Crowdsourcing, Price Formation, and Health IT

Source: The Health Care Blog

From the perspective of the average patient, going about his life unconcerned about health policy or economics, what is the most frustrating characteristic of U.S. health insurance? Surely, it is the madness of the billing cycle: Never knowing how much a medical service costs until long after you’ve received it, and sometimes only after a flurry of phone calls and paperwork that can take months to clear up.

This is surely why Michaela Dinan’s “winning entry” in a national essay contest, which invited people to submit anecdotes “illustrating the importance of cost awareness in medicine,” has struck such a chord.  Ms. Dinan’s story concerned a billing error for inserting an IUD.  Before the procedure, the patient learned (via “a few keystrokes”) that the cash price would have been $843.60. Insured, her out of pocket cost was to have been about $200.  Instead, she received a bill for $1,100 that took months to sort out.  I suspect that most readers and contributors at The Health Care Blog will use this story as further evidence of the need for a massive national investment in Health IT, along with Patient-Centered Medical Homes, Accountable Care Organizations, adherence to “meaningful use” standards, et cetera.

But this fails to identify the real culprit: Over insurance. Adjusting claims always includes friction, largely because of moral hazard.

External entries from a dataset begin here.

(* Let $r\in\{0,1\}$, $n\ge1$ and $\lambda\in\mathcal P_r(n)$. Then \[ I_\lambda=\sum_{D}\mathrm{sign}(D), \] where the sum is over all standard domino tableaux $D$ of shape $\lambda$.
   Context: Partitions are identified with Young diagrams in English notation. A domino is a set of two cells sharing an edge. $\delta_0=\emptyset$, $\delta_1=(1)$; $\mathcal P_r(n)$ is the set of partitions with 2-core $\delta_r$ (the 2-core is obtained by repeatedly removing dominoes while staying a partition) and size $|\delta_r|+2n$. A standard domino tableau of shape $\lambda\in\mathcal P_r(n)$ is a chain $\delta_r=\lambda^0\subset\cdots\subset\lambda^n=\lambda$ with each $\lambda^k/\lambda^{k-1}$ a domino (the domino with value $k$). For a standard Young tableau $T$ its reading word reads the rows from top to bottom, each from left to right, and $\mathrm{sign}(T)$ is the sign of this permutation; $I_\lambda=\sum_T\mathrm{sign}(T)$ over all standard Young tableaux of shape $\lambda$. For a standard domino tableau $D$, $T(D)$ is the standard Young tableau obtained (for $r=0$) by filling the domino with value $k$ with $2k-1,2k$, or (for $r=1$) by putting $1$ in the core cell and filling the domino with value $k$ with $2k,2k+1$, the smaller number in the left (horizontal domino) or upper (vertical domino) cell; $\mathrm{sign}(D)=\mathrm{sign}(T(D))$. *)

theory Defs
  imports "HOL-Combinatorics.Permutations"
begin

text \<open>Partitions as weakly decreasing lists of positive integers; cells (row, column),
  0-indexed, English notation.\<close>

definition is_partition :: "nat list \<Rightarrow> bool" where
  "is_partition lam \<longleftrightarrow> sorted_wrt (\<ge>) lam \<and> 0 \<notin> set lam"

definition diagram :: "nat list \<Rightarrow> (nat \<times> nat) set" where
  "diagram lam = {(i, j). i < length lam \<and> j < lam ! i}"

definition psize :: "nat list \<Rightarrow> nat" where
  "psize lam = sum_list lam"

definition is_domino :: "(nat \<times> nat) set \<Rightarrow> bool" where
  "is_domino S \<longleftrightarrow> (\<exists>i j. S = {(i, j), (i, Suc j)} \<or> S = {(i, j), (Suc i, j)})"

definition domino_step :: "nat list \<Rightarrow> nat list \<Rightarrow> bool" where
  "domino_step mu lam \<longleftrightarrow> is_partition mu \<and> is_partition lam \<and>
     diagram mu \<subseteq> diagram lam \<and> is_domino (diagram lam - diagram mu)"

definition has_two_core :: "nat list \<Rightarrow> nat list \<Rightarrow> bool" where
  "has_two_core lam mu \<longleftrightarrow> (\<lambda>a b. domino_step b a)\<^sup>*\<^sup>* lam mu \<and> \<not> (\<exists>nu. domino_step nu mu)"

definition delta :: "nat \<Rightarrow> nat list" where
  "delta r = (if r = 0 then [] else [1])"

definition P_set :: "nat \<Rightarrow> nat \<Rightarrow> nat list set" where
  "P_set r n = {lam. is_partition lam \<and> has_two_core lam (delta r) \<and>
                     psize lam = psize (delta r) + 2 * n}"

definition syt :: "nat list \<Rightarrow> ((nat \<times> nat) \<Rightarrow> nat) set" where
  "syt lam = {T. bij_betw T (diagram lam) {1..psize lam} \<and>
     (\<forall>c. c \<notin> diagram lam \<longrightarrow> T c = 0) \<and>
     (\<forall>i j. (i, Suc j) \<in> diagram lam \<longrightarrow> T (i, j) < T (i, Suc j)) \<and>
     (\<forall>i j. (Suc i, j) \<in> diagram lam \<longrightarrow> T (i, j) < T (Suc i, j))}"

definition reading_word :: "nat list \<Rightarrow> ((nat \<times> nat) \<Rightarrow> nat) \<Rightarrow> nat list" where
  "reading_word lam T = concat (map (\<lambda>i. map (\<lambda>j. T (i, j)) [0..<lam ! i]) [0..<length lam])"

definition word_perm :: "nat list \<Rightarrow> nat \<Rightarrow> nat" where
  "word_perm w = (\<lambda>k. if 1 \<le> k \<and> k \<le> length w then w ! (k - 1) else k)"

definition tsign :: "nat list \<Rightarrow> ((nat \<times> nat) \<Rightarrow> nat) \<Rightarrow> int" where
  "tsign lam T = sign (word_perm (reading_word lam T))"

definition I_lam :: "nat list \<Rightarrow> int" where
  "I_lam lam = (\<Sum>T\<in>syt lam. tsign lam T)"

text \<open>Standard domino tableaux of shape lam (core delta r, n dominoes): chains
  delta r = ch!0 \<subset> ... \<subset> ch!n = lam, each step adding a domino.\<close>
definition sdt :: "nat \<Rightarrow> nat \<Rightarrow> nat list \<Rightarrow> nat list list set" where
  "sdt r n lam = {ch. length ch = Suc n \<and> ch ! 0 = delta r \<and> ch ! n = lam \<and>
     (\<forall>k<n. domino_step (ch ! k) (ch ! Suc k))}"

text \<open>The Young tableau T(D): core cell gets 1 (r = 1); the domino with value k gets
  r+2k-1 in its left/upper cell (the one with smaller i+j) and r+2k in the other.\<close>
definition dom_to_syt :: "nat \<Rightarrow> nat \<Rightarrow> nat list list \<Rightarrow> (nat \<times> nat) \<Rightarrow> nat" where
  "dom_to_syt r n ch = (\<lambda>(i, j).
     if (i, j) \<in> diagram (ch ! 0) then 1
     else if (\<exists>k\<in>{1..n}. (i, j) \<in> diagram (ch ! k) - diagram (ch ! (k - 1))) then
       (let k = (LEAST k. (i, j) \<in> diagram (ch ! k));
            D = diagram (ch ! k) - diagram (ch ! (k - 1)) in
        if (\<forall>(a, b)\<in>D. i + j \<le> a + b) then r + 2 * k - 1 else r + 2 * k)
     else 0)"

definition dsign :: "nat \<Rightarrow> nat \<Rightarrow> nat list \<Rightarrow> nat list list \<Rightarrow> int" where
  "dsign r n lam ch = tsign lam (dom_to_syt r n ch)"

end

theory Submission
  imports Defs
begin

(* A sign-reversing involution. Call k paired in a standard Young tableau T if the entries
   r + 2k - 1 and r + 2k of T occupy a domino. The tableaux in which every k is paired are exactly
   the tableaux T(D), and D is recovered from T(D) by cutting along the sublevel sets
   {T \<le> r + 2k}, so they contribute the right-hand side. On every other tableau, exchange the
   two entries of the least unpaired k: being consecutive and not in a domino, they are not in
   adjacent cells, so the result is again standard; the set of unpaired k does not change, so
   this is an involution, and it multiplies the sign of the reading word by -1. *)

lemma diagram_eq_Sigma: "diagram mu = Sigma {..<length mu} (\<lambda>i. {..<mu ! i})"
  by (auto simp: diagram_def)

lemma finite_diagram [simp]: "finite (diagram mu)"
  by (simp add: diagram_eq_Sigma)

lemma card_diagram: "card (diagram mu) = psize mu"
  by (simp add: diagram_eq_Sigma psize_def sum_list_sum_nth atLeast0LessThan)

lemma diagram_down_closed:
  assumes "is_partition mu" "(i, j) \<in> diagram mu" "i' \<le> i" "j' \<le> j"
  shows "(i', j') \<in> diagram mu"
proof -
  have "i < length mu" "j < mu ! i" using assms(2) by (auto simp: diagram_def)
  moreover have "mu ! i \<le> mu ! i'"
    using assms(1,3) \<open>i < length mu\<close> unfolding is_partition_def
    by (cases "i' = i") (auto simp: sorted_wrt_iff_nth_less)
  ultimately show ?thesis using assms(3,4) by (auto simp: diagram_def)
qed

lemma first_column_in_diagram_iff:
  assumes "is_partition mu"
  shows "(i, 0) \<in> diagram mu \<longleftrightarrow> i < length mu"
proof -
  have "i < length mu \<Longrightarrow> mu ! i > 0" using assms unfolding is_partition_def
    by (metis gr0I nth_mem)
  thus ?thesis by (auto simp: diagram_def)
qed

lemma partition_eqI_diagram:
  assumes "is_partition mu" "is_partition nu" "diagram mu = diagram nu"
  shows "mu = nu"
proof -
  have "i < length mu \<longleftrightarrow> i < length nu" for i
    using first_column_in_diagram_iff[OF assms(1)] first_column_in_diagram_iff[OF assms(2)] assms(3)
    by auto
  hence len: "length mu = length nu" by (metis less_irrefl nat_neq_iff)
  show ?thesis
  proof (rule nth_equalityI[OF len])
    fix i assume i: "i < length mu"
    have "j < mu ! i \<longleftrightarrow> j < nu ! i" for j
      using assms(3) i len unfolding diagram_def set_eq_iff by auto
    thus "mu ! i = nu ! i" by (metis less_irrefl nat_neq_iff)
  qed
qed

lemma down_closed_eq_lessThan:
  fixes P :: "nat \<Rightarrow> bool"
  assumes down_closed: "\<And>x y. P x \<Longrightarrow> y \<le> x \<Longrightarrow> P y" and "\<not> P b"
  shows "\<exists>m. \<forall>x. P x \<longleftrightarrow> x < m"
proof (intro exI allI iffI)
  fix x assume "P x"
  have "\<not> P (LEAST m. \<not> P m)" using \<open>\<not> P b\<close> by (rule LeastI)
  thus "x < (LEAST m. \<not> P m)" using down_closed[OF \<open>P x\<close>] by (meson not_le)
next
  fix x assume "x < (LEAST m. \<not> P m)"
  thus "P x" using not_less_Least by blast
qed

That’s why insurance should be used rarely and only for catastrophic, unanticipated events – not birth control, which is planned, preventive care. For health care, the problem is even worse because very few prices are formed via normal market processes. Automobile insurers have it easy: The price of a car, and therefore every part of a car, is formed via normal market processes. Auto insurers are price-takers, not price-makers. My auto insurer’s liability to me is limited to buying a new Toyota 4-Runner, for which the price is readily available. (I’m oversimplifying here, referring only to collision coverage, not bodily injury.)

One of the most frustrating and misleading claims of health insurers is that they add value by negotiating network contracts with providers. In fact, these network contracts destroy value because they prevent patients and providers from using prices to signal value to each other. As a parallel, imagine that instead of buying our cars first and then insuring them, we did the reverse That is, imagine that we bought auto “insurance” and then went shopping for a “free” car from a network of dealers contracted with our auto “insurer.” The ability of drivers and carmakers to communicate value to each other would be hopelessly malformed by the bureaucratic friction imposed by such a “system.”

This is what health insurers do, and they support their claims to add value by (unwittingly) falling back on a version of John Kenneth Galbraith’s notion of countervailing power: The individual cannot effectively negotiate with powerful providers, so the health plan acts as a bulk-buyer, ratcheting down fees charged by powerful hospitals and organized medicine.

While never a robust claim, it is even less credible in an age where individuals can use technology on their own to get better prices from suppliers. For example, Groupon is an Internet-based business, launched in 2008, through which businesses offer discounts if enough people sign up for a deal within a period of time. For example, a restaurant might offer 50 percent off if 100 people sign up for it within 24 hours. Needless to say, potential customers madly e-mail, Tweet, and IM their friends in order to “tip” the deal. Last December, the business press reported that Google had offered $6 billion to buy Groupon. Investors rejected the offer, and Groupon is now preparing for an IPO in 2013.

With a little more sophistication, there’s no reason why such an approach couldn’t work for health care – especially in the area of preventive care. Suppose an annual physical for a middle-aged man costs $500. Imagine that Groupon collaborated with primary-care practices nationwide to buy an ad at the Super Bowl offering physicals for $200 if a certain number of middle-aged men in each neighborhood signed up within a couple of days after the big game. Surely, some fraction of Doritos-munching, beer-drinking, football fans would encourage each other to get their cholesterol, blood pressure, and BMI checked.

I expect that such a combination of peer pressure and price incentives would also improve adherence to therapy in communities of patients with chronic conditions. Unfortunately, we are unlikely to find out, because the government is more interested in using IT to empower various committees, commissions, and task forces, than to empower patients and entrepreneurs.

John R. Graham is Director of Health Care Studies at the Pacific Research Institute, & Senior Fellow at the National Center for Policy Analysis.